Calculate measure of central tendency and baseflow indices using the Lynne-Hollick filter
baseflows(flow.ts, a, n.reflected = 30, ts = "mean")
Dataframe with date and discharge data in columns named "Date" and "Q" respectively. Date must be in POSIX format (see ts.format). Missing values are ignored.
The alpha value used in the Lynne-Hollick filter for digital baseflow separation. Default value is 0.975
The number of days that are reflected at the start and end of the series to provide a burn in for the digital filter. Default value is 30. (See Ladson et al. 2013).

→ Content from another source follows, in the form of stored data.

lemma Ck_sum: "finite A \<Longrightarrow> (\<And>i. i \<in> A \<Longrightarrow> Ck k (f i)) \<Longrightarrow> Ck k (\<lambda>x. \<Sum>i\<in>A. f i x)"
  by (induction A rule: finite_induct) (auto intro: Ck_add Ck_const)

lemma Ck_bounded_bilinear:
  assumes "bounded_bilinear b"
  shows "Ck k f \<Longrightarrow> Ck k g \<Longrightarrow> Ck k (\<lambda>x. b (f x) (g x))"
proof (induction k arbitrary: f g)
  case 0 then show ?case
    using bounded_bilinear.continuous_on[OF assms] by (auto simp: Ck.simps(1))
next
  case (Suc k)
  from Suc.prems(1) obtain f' where "\<forall>x. (f has_derivative f' x) (at x)" "\<forall>v. Ck k (\<lambda>x. f' x v)"
    by (rule Ck_SucE)
  moreover from Suc.prems(2) obtain g' where "\<forall>x. (g has_derivative g' x) (at x)" "\<forall>v. Ck k (\<lambda>x. g' x v)"
    by (rule Ck_SucE)
  moreover have "Ck k f" "Ck k g" using Suc.prems Ck_Suc_imp_Ck by blast+
  ultimately show ?case
    by (intro Ck_SucI[where f'="\<lambda>x v. b (f x) (g' x v) + b (f' x v) (g x)"])
      (simp_all add: bounded_bilinear.FDERIV[OF assms] Ck_add Suc.IH)
qed

lemma Ck_Pair: "Ck k f \<Longrightarrow> Ck k g \<Longrightarrow> Ck k (\<lambda>x. (f x, g x))"
proof (induction k arbitrary: f g)
  case 0 then show ?case by (auto simp: Ck.simps(1) intro: continuous_on_Pair)
next
  case (Suc k)
  from Suc.prems(1) obtain f' where "\<forall>x. (f has_derivative f' x) (at x)" "\<forall>v. Ck k (\<lambda>x. f' x v)"
    by (rule Ck_SucE)
  moreover from Suc.prems(2) obtain g' where "\<forall>x. (g has_derivative g' x) (at x)" "\<forall>v. Ck k (\<lambda>x. g' x v)"
    by (rule Ck_SucE)
  ultimately show ?case
    by (intro Ck_SucI[where f'="\<lambda>x v. (f' x v, g' x v)"]) (simp_all add: has_derivative_Pair Suc.IH)
qed

lemma bounded_linear_vec_lambda:
  fixes L :: "'i::finite \<Rightarrow> 'a::real_normed_vector \<Rightarrow> 'b::real_normed_vector"
  assumes "\<And>i. bounded_linear (L i)"
  shows "bounded_linear (\<lambda>h. \<chi> i. L i h)"
proof
  show "(\<chi> i. L i (b1 + b2)) = (\<chi> i. L i b1) + (\<chi> i. L i b2)" for b1 b2
    using assms by (simp add: vec_eq_iff linear_add bounded_linear.linear)
  show "(\<chi> i. L i (r *\<^sub>R b)) = r *\<^sub>R (\<chi> i. L i b)" for r b
    using assms by (simp add: vec_eq_iff linear_scale bounded_linear.linear)
  have "\<forall>i. \<exists>K. \<forall>x. norm (L i x) \<le> norm x * K"
    using assms bounded_linear.bounded by blast
  then obtain K where K: "\<And>i x. norm (L i x) \<le> norm x * K i"
    by metis
  show "\<exists>K. \<forall>x. norm (\<chi> i. L i x) \<le> norm x * K"
  proof (intro exI allI)
    fix x
    have "norm (\<chi> i. L i x) \<le> (\<Sum>i\<in>UNIV. norm (L i x))"
      using L2_set_le_sum[of UNIV "\<lambda>i. norm (L i x)"] by (simp add: norm_vec_def)
    also have "\<dots> \<le> (\<Sum>i\<in>UNIV. norm x * K i)"
      using K by (intro sum_mono)
    finally show "norm (\<chi> i. L i x) \<le> norm x * (\<Sum>i\<in>UNIV. K i)"
      by (simp add: sum_distrib_left)
  qed
qed

lemma has_derivative_vec_lambda:
  fixes f :: "'i::finite \<Rightarrow> 'a::real_normed_vector \<Rightarrow> 'b::real_normed_vector"
  assumes "\<And>i. (f i has_derivative f' i) F"
  shows "((\<lambda>x. \<chi> i. f i x) has_derivative (\<lambda>h. \<chi> i. f' i h)) F"
  unfolding has_derivative_def
proof
  show "bounded_linear (\<lambda>h. \<chi> i. f' i h)"
    using assms has_derivative_bounded_linear by (blast intro: bounded_linear_vec_lambda)
  let ?L = "Lim F (\<lambda>x. x)"
  have "((\<lambda>y. \<chi> i. ((f i y - f i ?L) - f' i (y - ?L)) /\<^sub>R norm (y - ?L)) \<longlongrightarrow> (\<chi> i. 0)) F"
    using assms unfolding has_derivative_def by (intro tendsto_vec_lambda) auto
  moreover have "(\<lambda>y. \<chi> i. ((f i y - f i ?L) - f' i (y - ?L)) /\<^sub>R norm (y - ?L))
      = (\<lambda>y. (((\<chi> i. f i y) - (\<chi> i. f i ?L)) - (\<chi> i. f' i (y - ?L))) /\<^sub>R norm (y - ?L))"
    by (simp add: fun_eq_iff vec_eq_iff)
  moreover have "(\<chi> i. 0) = (0 :: 'b^'i)"
    by (simp add: vec_eq_iff)
  ultimately show "((\<lambda>y. (((\<chi> i. f i y) - (\<chi> i. f i ?L)) - (\<chi> i. f' i (y - ?L))) /\<^sub>R norm (y - ?L))
      \<longlongrightarrow> 0) F"
    by simp
qed

lemma has_vector_derivative_vec_lambda:
  fixes f :: "'i::finite \<Rightarrow> real \<Rightarrow> 'b::real_normed_vector"
  assumes "\<And>i. (f i has_vector_derivative f' i) F"
  shows "((\<lambda>s. \<chi> i. f i s) has_vector_derivative (\<chi> i. f' i)) F"
proof -
  have "((\<lambda>s. \<chi> i. f i s) has_derivative (\<lambda>h. \<chi> i. h *\<^sub>R f' i)) F"
    using assms unfolding has_vector_derivative_def by (rule has_derivative_vec_lambda)
  moreover have "(\<lambda>h. \<chi> i. h *\<^sub>R f' i) = (\<lambda>h. h *\<^sub>R (\<chi> i. f' i))"
    by (simp add: fun_eq_iff vec_eq_iff)
  ultimately show ?thesis unfolding has_vector_derivative_def by simp
qed

lemma Ck_vec_lambda:
  fixes f :: "'i::finite \<Rightarrow> 'a::real_normed_vector \<Rightarrow> 'b::real_normed_vector"
  shows "(\<And>i. Ck k (f i)) \<Longrightarrow> Ck k (\<lambda>x. \<chi> i. f i x)"
proof (induction k arbitrary: f)
  case 0 then show ?case by (simp add: Ck.simps(1) continuous_on_vec_lambda)
next
  case (Suc k)
  have "\<forall>i. \<exists>f'. (\<forall>x. (f i has_derivative f' x) (at x)) \<and> (\<forall>v. Ck k (\<lambda>x. f' x v))"
    using Suc.prems Ck_SucE by metis
  then obtain f' where "\<And>i. (\<forall>x. (f i has_derivative f' i x) (at x)) \<and> (\<forall>v. Ck k (\<lambda>x. f' i x v))"
    by metis
  then show ?case
    by (intro Ck_SucI[where f'="\<lambda>x v. \<chi> i. f' i x v"]) (simp_all add: has_derivative_vec_lambda Suc.IH)
qed

lemma Ck_compose:
  fixes g :: "'b::euclidean_space \<Rightarrow> 'c::real_normed_vector" and f :: "'a::real_normed_vector \<Rightarrow> 'b"
  shows "Ck k f \<Longrightarrow> Ck k g \<Longrightarrow> Ck k (\<lambda>x. g (f x))"
proof (induction k arbitrary: f g)
  case 0 then show ?case using continuous_on_compose2[of UNIV g UNIV f] by (simp add: Ck.simps(1))
next
  case (Suc k)
  from Suc.prems(1) obtain f' where f': "\<forall>x. (f has_derivative f' x) (at x)" "\<forall>v. Ck k (\<lambda>x. f' x v)"
    by (rule Ck_SucE)
  from Suc.prems(2) obtain g' where g': "\<forall>x. (g has_derivative g' x) (at x)" "\<forall>v. Ck k (\<lambda>x. g' x v)"
    by (rule Ck_SucE)
  have f: "Ck k f" using Suc.prems Ck_Suc_imp_Ck by blast
  \<comment> \<open>expanding \<open>f' x v\<close> in a basis separates the two factors of the chain rule\<close>
  have basis: "g' (f x) (f' x v) = (\<Sum>b\<in>Basis. (f' x v \<bullet> b) *\<^sub>R g' (f x) b)" for x v
  proof -
    have "linear (g' (f x))" using g'(1) has_derivative_linear by blast
    then show ?thesis
      by (subst euclidean_representation[symmetric, of "f' x v"]) (simp add: linear_sum linear_scale)
  qed
  have "Ck k (\<lambda>x. g' (f x) (f' x v))" for v
    unfolding basis
    by (intro Ck_sum finite_Basis Ck_bounded_bilinear[OF bounded_bilinear_scaleR]
        Ck_compose_bounded_linear[OF bounded_linear_inner_left] Suc.IH f f'(2)[rule_format] g'(2)[rule_format])
  with f' g' show ?case
    by (intro Ck_SucI[where f'="\<lambda>x v. g' (f x) (f' x v)"]) (simp_all add: has_derivative_compose)
qed

lemma Ck_sin_cos: "Ck k (sin :: real \<Rightarrow> real) \<and> Ck k (cos :: real \<Rightarrow> real)"
proof (induction k)
  case 0 then show ?case by (simp add: Ck.simps(1) continuous_on_sin continuous_on_cos)
next
  case (Suc k)
  have "Ck k (\<lambda>x. - sin x :: real)"
    using Suc Ck_compose_bounded_linear[OF bounded_linear_minus[OF bounded_linear_ident]] by blast
  with Suc.IH show ?case
    by (intro conjI Ck_SucI[where f'="\<lambda>x v. cos x * v"] Ck_SucI[where f'="\<lambda>x v. - sin x * v"] allI
        has_field_derivative_imp_has_derivative[OF DERIV_sin]
        has_field_derivative_imp_has_derivative[OF DERIV_cos]
        Ck_bounded_bilinear[OF bounded_bilinear_mult] Ck_const) simp_all
qed

lemma Ck_exp: "Ck k (exp :: 'a::{real_normed_field,banach} \<Rightarrow> 'a)"
proof (induction k)
  case 0 then show ?case by (simp add: Ck.simps(1) continuous_on_exp)
next
  case (Suc k)
  show ?case
    by (intro Ck_SucI[where f'="\<lambda>x v. exp x * v"] allI
        has_field_derivative_imp_has_derivative[OF DERIV_exp]
        Ck_bounded_bilinear[OF bounded_bilinear_mult] Ck_const Suc.IH)
qed

lemma smooth_continuous_on: "smooth f \<Longrightarrow> continuous_on S f"
  unfolding smooth_def by (metis Ck.simps(1) continuous_on_subset subset_UNIV)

ts="mean" returns means for the entire time series ts="annual" returns annual averages. Note this function does not currently use hydrologic years even when defined ts="daily" returns complete series
A dataframe. See below for details. The original dataframe with appended columns "bf" and "bfi". See ts="annual" for details.
ts="mean"
The number of years of record in the series
proportion of non-missing observations
mean daily flow
median daily flow
mean baseflow volume
mean baseflow index
the record year
no of observations in each year
mean daily flow in each year
mean baseflow volume in each year
baseflow index for each year
baseflow index for each observation
baseflow index associated with each observation
Technically the LH filter cannot be calculated where there are missing data. Here the function removes missing values and is applied to a concatenated version of the time series. Missing dates are reinserted after the filter has been applied for the purpose of returning annual or daily series. The function further reports the number of missing values leaving the user to decide on the reliability of the baseflow estimates.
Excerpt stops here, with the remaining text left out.